[Exercise] Print the data below exactly, but only the lines from the one containing "define a where" down to the one containing "a = of_real (1", inclusive.

(Dataset begins)

lemma cinner_unit_vec_right: "k < n \<Longrightarrow> cinner n x (unit_vec k) = cnj (x k)"
  by (simp add: cinner_def sum_mult_unit_vec)

lemma cinner_unit_vec_self: "k < n \<Longrightarrow> cinner n (unit_vec k) (unit_vec k) = 1"
  by (simp add: cinner_unit_vec_left)

lemma sesq_unit_vec: "k < n \<Longrightarrow> sesq n K (unit_vec k) (unit_vec k) = K k k"
  by (simp add: sesq_def mult.assoc sum_mult_unit_vec sum_unit_vec_mult flip: sum_distrib_left)

lemma orthonormal_basis_unit_vec: "orthonormal_basis n unit_vec"
  by (simp add: orthonormal_basis_iff_cinner cinner_unit_vec_left, simp add: unit_vec_def)

lemma cinner_lincomb:
  "cinner n (\<lambda>t. a * x t + b * z t) (\<lambda>t. a * x t + b * z t) =
   cnj a * a * cinner n x x + cnj a * b * cinner n x z + cnj b * a * cinner n z x + cnj b * b * cinner n z z"
  by (simp add: cinner_def sum.distrib sum_distrib_left algebra_simps)

lemma sesq_lincomb:
  "sesq n K (\<lambda>t. a * x t + b * z t) (\<lambda>t. a * x t + b * z t) =
   cnj a * a * sesq n K x x + cnj a * b * sesq n K x z + cnj b * a * sesq n K z x + cnj b * b * sesq n K z z"
  by (simp add: sesq_def sum.distrib sum_distrib_left algebra_simps)

lemma cinner_scale: "cinner n (\<lambda>t. a * x t) (\<lambda>t. b * y t) = cnj a * b * cinner n x y"
  by (simp add: cinner_def sum_distrib_left mult_ac)

lemma sesq_eq_cinner_mult: "sesq n K x y = cinner n x (\<lambda>s. \<Sum>t<n. K s t * y t)"
  by (simp add: sesq_def cinner_def sum_distrib_left mult.assoc)

lemma cinner_eq_sesq_unit_vec: "cinner n x y = sesq n unit_vec x y"
  by (simp add: sesq_eq_cinner_mult cinner_def sum_unit_vec_mult)

lemma sesq_cong:
  "(\<And>s t. s < n \<Longrightarrow> t < n \<Longrightarrow> K s t = L s t) \<Longrightarrow> sesq n K x y = sesq n L x y"
  by (simp add: sesq_def)

lemma sesq_outer_sum:
  "sesq n (\<lambda>s t. \<Sum>a\<in>A. v a s * cnj (u a t)) e e = (\<Sum>a\<in>A. cnj (cinner n e (u a)) * cinner n e (v a))"
proof -
  let ?F = "\<lambda>a s t. (cnj (e s) * v a s) * (cnj (u a t) * e t)"
  have "sesq n (\<lambda>s t. \<Sum>a\<in>A. v a s * cnj (u a t)) e e = (\<Sum>s<n. \<Sum>t<n. \<Sum>a\<in>A. ?F a s t)"
    by (simp add: sesq_def sum_distrib_left sum_distrib_right mult_ac)
  also have "\<dots> = (\<Sum>s<n. \<Sum>a\<in>A. \<Sum>t<n. ?F a s t)"
    by (rule sum.cong[OF refl], rule sum.swap)
  also have "\<dots> = (\<Sum>a\<in>A. \<Sum>s<n. \<Sum>t<n. ?F a s t)"
    by (rule sum.swap)
  also have "\<dots> = (\<Sum>a\<in>A. cinner n e (v a) * cinner n (u a) e)"
    by (simp add: cinner_def sum_product)
  finally show ?thesis
    by (simp add: cinner_commute[of n "u _"] mult.commute)
qed

lemma mat_trace_outer_sum:
  "mat_trace n (\<lambda>s t. \<Sum>a\<in>A. v a s * cnj (u a t)) = (\<Sum>a\<in>A. cinner n (u a) (v a))"
  unfolding mat_trace_def cinner_def by (subst sum.swap) (simp add: mult.commute)

lemma sesq_change_basis:
  "sesq m K (\<lambda>t. \<Sum>i<m. c i * U i t) (\<lambda>t. \<Sum>j<m. d j * U j t) =
   sesq m (\<lambda>i j. sesq m K (U i) (U j)) c d"
proof -
  let ?F = "\<lambda>i j s t. cnj (c i) * (cnj (U i s) * K s t * U j t) * d j"
  have "sesq m K (\<lambda>t. \<Sum>i<m. c i * U i t) (\<lambda>t. \<Sum>j<m. d j * U j t) =
    (\<Sum>s<m. \<Sum>t<m. \<Sum>i<m. \<Sum>j<m. ?F i j s t)"
    by (simp add: sesq_def cnj_sum sum_distrib_left sum_distrib_right mult_ac)
  also have "\<dots> = (\<Sum>s<m. \<Sum>i<m. \<Sum>t<m. \<Sum>j<m. ?F i j s t)"
    by (rule sum.cong[OF refl], rule sum.swap)
  also have "\<dots> = (\<Sum>i<m. \<Sum>s<m. \<Sum>t<m. \<Sum>j<m. ?F i j s t)"
    by (rule sum.swap)
  also have "\<dots> = (\<Sum>i<m. \<Sum>s<m. \<Sum>j<m. \<Sum>t<m. ?F i j s t)"
    by (rule sum.cong[OF refl], rule sum.cong[OF refl], rule sum.swap)
  also have "\<dots> = (\<Sum>i<m. \<Sum>j<m. \<Sum>s<m. \<Sum>t<m. ?F i j s t)"
    by (rule sum.cong[OF refl], rule sum.swap)
  also have "\<dots> = sesq m (\<lambda>i j. sesq m K (U i) (U j)) c d"
    by (simp add: sesq_def sum_distrib_left sum_distrib_right)
  finally show ?thesis .
qed

lemma orthonormal_basis_change_basis:
  assumes "orthonormal_basis m U" and "orthonormal_basis m c"
  shows "orthonormal_basis m (\<lambda>l t. \<Sum>i<m. c l i * U i t)"
proof -
  have "cinner m (\<lambda>t. \<Sum>i<m. c k i * U i t) (\<lambda>t. \<Sum>i<m. c l i * U i t) = cinner m (c k) (c l)" for k l
  proof -
    have "cinner m (\<lambda>t. \<Sum>i<m. c k i * U i t) (\<lambda>t. \<Sum>i<m. c l i * U i t) =
        sesq m (\<lambda>i j. cinner m (U i) (U j)) (c k) (c l)"
      by (simp only: cinner_eq_sesq_unit_vec sesq_change_basis)
    also have "\<dots> = sesq m unit_vec (c k) (c l)"
      using assms(1) by (intro sesq_cong) (simp add: orthonormal_basis_iff_cinner)
    finally show ?thesis
      by (simp only: cinner_eq_sesq_unit_vec)
  qed
  with assms(2) show ?thesis
    by (simp add: orthonormal_basis_iff_cinner)
qed

lemma sum_sesq_eq_mat_trace:
  assumes "orthonormal_basis m (\<lambda>i j. U j i)"
  shows "(\<Sum>i<m. sesq m K (U i) (U i)) = mat_trace m K"
proof -
  let ?F = "\<lambda>i s t. K s t * (cnj (U i s) * U i t)"
  have "(\<Sum>i<m. sesq m K (U i) (U i)) = (\<Sum>i<m. \<Sum>s<m. \<Sum>t<m. ?F i s t)"
    by (simp add: sesq_def mult_ac)
  also have "\<dots> = (\<Sum>s<m. \<Sum>t<m. \<Sum>i<m. ?F i s t)"
    by (subst sum.swap) (rule sum.cong[OF refl], rule sum.swap)
  also have "\<dots> = (\<Sum>s<m. \<Sum>t<m. K s t * unit_vec s t)"
    using assms by (simp add: orthonormal_basis_def unit_vec_def flip: sum_distrib_left)
  also have "\<dots> = mat_trace m K"
    by (simp add: mat_trace_def sum_mult_unit_vec)
  finally show ?thesis .
qed

section \<open>Convexity of the numerical range\<close>

lemma exists_phase_real: "\<exists>w. cmod w = 1 \<and> w * p + cnj w * q \<in> \<real>"
proof -
  define D where "D = p - cnj q"
  define w where "w = (if D = 0 then 1 else cnj (sgn D))"
  have "Im (w * D) = 0"
    by (simp add: w_def sgn_eq)
  then have "Im (w * p + cnj w * q) = 0"
    by (simp add: D_def algebra_simps)
  moreover have "cmod w = 1"
    by (simp add: w_def norm_sgn)
  ultimately show ?thesis
    by (auto simp: complex_is_Real_iff)
qed

lemma exists_segment_parameter:
  fixes \<sigma> \<tau> :: real
  assumes "0 \<le> \<tau>" "\<tau> \<le> 1"
  shows "\<exists>u. 0 \<le> u \<and> u \<le> 1 \<and> u + \<sigma> * sqrt (u * (1 - u)) = \<tau>"
proof -
  let ?g = "\<lambda>u. u + \<sigma> * sqrt (u * (1 - u))"
  have "continuous_on {0..1} ?g"
    by (intro continuous_intros)
  with assms show ?thesis
    using IVT'[of ?g 0 \<tau> 1] by auto
qed

text \<open>The 2-dimensional case of the Toeplitz--Hausdorff theorem: a phase \<open>w\<close> makes the cross term
  of the quadratic form on \<open>\<surd>(1-u) x + \<surd>u w z\<close> a real multiple of \<open>z\<^sup>*Kz - x\<^sup>*Kx\<close>, so moving
  \<open>u\<close> from 0 to 1 sweeps the whole segment.\<close>

lemma numerical_range_segment:
  assumes x: "cinner n x x = 1" and z: "cinner n z z = 1" and xz: "cinner n x z = 0"
    and "0 \<le> \<tau>" "\<tau> \<le> 1"
  shows "\<exists>a b. cinner n (\<lambda>t. a * x t + b * z t) (\<lambda>t. a * x t + b * z t) = 1 \<and>
    sesq n K (\<lambda>t. a * x t + b * z t) (\<lambda>t. a * x t + b * z t) =
      sesq n K x x + of_real \<tau> * (sesq n K z z - sesq n K x x)"
proof (cases "sesq n K z z = sesq n K x x")
  case True
  then show ?thesis
    using x by (intro exI[of _ 1] exI[of _ 0]) (simp add: cinner_lincomb sesq_lincomb)
next
  case False
  define \<delta> where "\<delta> = sesq n K z z - sesq n K x x"
  have "\<delta> \<noteq> 0"
    using False by (simp add: \<delta>_def)
  obtain w where w: "cmod w = 1"
    and "w * (sesq n K x z / \<delta>) + cnj w * (sesq n K z x / \<delta>) \<in> \<real>"
    using exists_phase_real by blast
  then obtain \<sigma> where \<sigma>: "w * sesq n K x z + cnj w * sesq n K z x = of_real \<sigma> * \<delta>"
    using \<open>\<delta> \<noteq> 0\<close> by (auto elim!: Reals_cases simp: field_simps)
  obtain u where "0 \<le> u" "u \<le> 1" and u: "u + \<sigma> * sqrt (u * (1 - u)) = \<tau>"
    using exists_segment_parameter assms by blast
  define a where "a = complex_of_real (sqrt (1 - u))"
  define b where "b = complex_of_real (sqrt u) * w"
  have ww: "cnj w * w = 1"
    using w by (simp add: mult.commute flip: complex_norm_square)
  have aa: "cnj a * a = of_real (1 - u)" and bb: "cnj b * b = of_real u"
    using \<open>0 \<le> u\<close> \<open>u \<le> 1\<close> ww
    by (simp_all add: a_def b_def mult_ac flip: of_real_mult)
  have ab: "cnj a * b = of_real (sqrt (u * (1 - u))) * w"
    and ba: "cnj b * a = of_real (sqrt (u * (1 - u))) * cnj w"
    by (simp_all add: a_def b_def real_sqrt_mult mult_ac)
  have zx: "cinner n z x = 0"
    using xz by (simp add: cinner_commute[of n z])
  have "sesq n K (\<lambda>t. a * x t + b * z t) (\<lambda>t. a * x t + b * z t) =
      of_real (1 - u) * sesq n K x x + of_real u * sesq n K z z +
      of_real (sqrt (u * (1 - u))) * (w * sesq n K x z + cnj w * sesq n K z x)"
    unfolding sesq_lincomb aa bb ab ba by (simp add: algebra_simps)
  also have "\<dots> = sesq n K x x + of_real \<tau> * \<delta>"
    by (simp add: \<sigma> \<delta>_def algebra_simps flip: u)
  finally show ?thesis
    using x z xz zx
    by (intro exI[of _ a] exI[of _ b]) (simp add: cinner_lincomb aa bb \<delta>_def flip: of_real_add)
qed

lemma numerical_range_diagonal_mean:
  assumes "k < n"
  shows "\<exists>x. (\<forall>t>k. x t = 0) \<and> cinner n x x = 1 \<and> sesq n K x x = (\<Sum>i\<le>k. K i i) / of_nat (Suc k)"
  using assms
proof (induction k)
  case 0
  then show ?case
    using cinner_unit_vec_self[of 0 n] sesq_unit_vec[of 0 n K]
    by (intro exI[of _ "unit_vec 0"]) (simp add: unit_vec_def)
next
  case (Suc k)
  then obtain x where supp: "\<forall>t>k. x t = 0" and x: "cinner n x x = 1"
    and mean: "sesq n K x x = (\<Sum>i\<le>k. K i i) / of_nat (Suc k)"
    by auto
  let ?z = "unit_vec (Suc k)"
  have "cinner n x ?z = 0"
    using Suc.prems supp by (simp add: cinner_unit_vec_right)
  moreover have "cinner n ?z ?z = 1"
    using Suc.prems by (rule cinner_unit_vec_self)
  ultimately obtain a b where
    unit: "cinner n (\<lambda>t. a * x t + b * ?z t) (\<lambda>t. a * x t + b * ?z t) = 1" and
    Qy: "sesq n K (\<lambda>t. a * x t + b * ?z t) (\<lambda>t. a * x t + b * ?z t) =
      sesq n K x x + of_real (1 / real (Suc (Suc k))) * (sesq n K ?z ?z - sesq n K x x)"
    using numerical_range_segment[OF x, of ?z "1 / real (Suc (Suc k))" K] by auto
  define y where "y = (\<lambda>t. a * x t + b * ?z t)"
  have "sesq n K y y = (\<Sum>i\<le>Suc k. K i i) / of_nat (Suc (Suc k))"
  proof -
    define c :: complex where "c = of_nat (Suc k)"
    have "c \<noteq> 0" "c + 1 \<noteq> 0"
      unfolding c_def by (metis of_nat_neq_0, metis of_nat_Suc add.commute of_nat_neq_0)
    then have "S / c + 1 / (c + 1) * (K' - S / c) = (S + K') / (c + 1)" for S K'
      by (simp add: divide_simps) (simp add: algebra_simps)
    then show ?thesis
      using Qy sesq_unit_vec[OF Suc.prems] unfolding y_def mean by (simp add: c_def add.commute)
  qed
  moreover have "\<forall>t>Suc k. y t = 0"
    using supp by (simp add: y_def unit_vec_def)
  moreover have "cinner n y y = 1"
    using unit by (simp only: y_def)
  ultimately show ?case
    by (intro exI[of _ y]) simp
qed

(Dataset ends)

[Expected answer]
  define a where "a = complex_of_real (sqrt (1 - u))"
  define b where "b = complex_of_real (sqrt u) * w"
  have ww: "cnj w * w = 1"
    using w by (simp add: mult.commute flip: complex_norm_square)
  have aa: "cnj a * a = of_real (1 - u)" and bb: "cnj b * b = of_real u"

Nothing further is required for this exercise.